━━ Data provided

(* Let $\mathcal{H}$ be an $n$-dimensional (real or complex) Hilbert space, let $F=\{f_i\}_{i=1}^N$ be a tight frame for $\mathcal{H}$, and let $\{q_i\}_{i=1}^N$ be the weight number sequence associated with a probability sequence $\{p_i\}_{i=1}^N$. Then the canonical dual $S_F^{-1}F$ is a 1-erasure probabilistic spectrally optimal dual (PSOD) of $F$ if and only if $S_F^{-1}F\in\Delta_F^{(1)}$.
   Context: A finite sequence $F=\{f_i\}_{i=1}^N$ in $\mathcal{H}$ is a frame if there are $A,B>0$ with $A\|f\|^2\le\sum_{i=1}^N|\langle f,f_i\rangle|^2\le B\|f\|^2$ for all $f$; it is tight if one can take $A=B$. The frame operator is $S_Ff=\sum_{i=1}^N\langle f,f_i\rangle f_i$ and the canonical dual is $S_F^{-1}F=\{S_F^{-1}f_i\}_{i=1}^N$. A frame $G=\{g_i\}_{i=1}^N$ is a dual of $F$ if $f=\sum_i\langle f,f_i\rangle g_i=\sum_i\langle f,g_i\rangle f_i$ for all $f$. A probability sequence is $\{p_i\}_{i=1}^N$ with $0\le p_i\le1$, $\sum p_i=1$; weight numbers $q_i=\frac{\sum_{j} p_j}{\sum_{j} p_j-p_i}\cdot\frac{N-1}{n}$. For $\Lambda\subseteq\{1,\dots,N\}$ the error operator is $E_{\Lambda,(F,G)}f=\sum_{i\in\Lambda}q_i\langle f,f_i\rangle g_i$. Set $r_P^{(1)}(F,G)=\max_{|\Lambda|=1}\rho(E_{\Lambda,(F,G)})$ ($\rho$ = spectral radius) and $\mathcal{A}_P^{(1)}(F,G)=\max_{|\Lambda|=1}\frac{\|E_{\Lambda,(F,G)}\|+\rho(E_{\Lambda,(F,G)})}{2}$. A dual $G$ of $F$ is a 1-erasure PSOD of $F$ if $r_P^{(1)}(F,G)=\min\{r_P^{(1)}(F,G'):G'\text{ a dual of }F\}$. $\Delta_F^{(1)}$ is the set of duals $G$ of $F$ minimizing $\mathcal{A}_P^{(1)}(F,G)$ over all duals of $F$ (1-erasure PASOD-frames). *)

theory Defs
  imports "Jordan_Normal_Form.Spectral_Radius" "Jordan_Normal_Form.Gauss_Jordan_Elimination"
begin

━━━━

* [Exercise goal]: Output only the lines from the one that contains "Context: A finite" through the last line of the data above, each restated exactly.

* [Solution to this exercise]:
   Context: A finite sequence $F=\{f_i\}_{i=1}^N$ in $\mathcal{H}$ is a frame if there are $A,B>0$ with $A\|f\|^2\le\sum_{i=1}^N|\langle f,f_i\rangle|^2\le B\|f\|^2$ for all $f$; it is tight if one can take $A=B$. The frame operator is $S_Ff=\sum_{i=1}^N\langle f,f_i\rangle f_i$ and the canonical dual is $S_F^{-1}F=\{S_F^{-1}f_i\}_{i=1}^N$. A frame $G=\{g_i\}_{i=1}^N$ is a dual of $F$ if $f=\sum_i\langle f,f_i\rangle g_i=\sum_i\langle f,g_i\rangle f_i$ for all $f$. A probability sequence is $\{p_i\}_{i=1}^N$ with $0\le p_i\le1$, $\sum p_i=1$; weight numbers $q_i=\frac{\sum_{j} p_j}{\sum_{j} p_j-p_i}\cdot\frac{N-1}{n}$. For $\Lambda\subseteq\{1,\dots,N\}$ the error operator is $E_{\Lambda,(F,G)}f=\sum_{i\in\Lambda}q_i\langle f,f_i\rangle g_i$. Set $r_P^{(1)}(F,G)=\max_{|\Lambda|=1}\rho(E_{\Lambda,(F,G)})$ ($\rho$ = spectral radius) and $\mathcal{A}_P^{(1)}(F,G)=\max_{|\Lambda|=1}\frac{\|E_{\Lambda,(F,G)}\|+\rho(E_{\Lambda,(F,G)})}{2}$. A dual $G$ of $F$ is a 1-erasure PSOD of $F$ if $r_P^{(1)}(F,G)=\min\{r_P^{(1)}(F,G'):G'\text{ a dual of }F\}$. $\Delta_F^{(1)}$ is the set of duals $G$ of $F$ minimizing $\mathcal{A}_P^{(1)}(F,G)$ over all duals of $F$ (1-erasure PASOD-frames). *)

theory Defs
  imports "Jordan_Normal_Form.Spectral_Radius" "Jordan_Normal_Form.Gauss_Jordan_Elimination"
begin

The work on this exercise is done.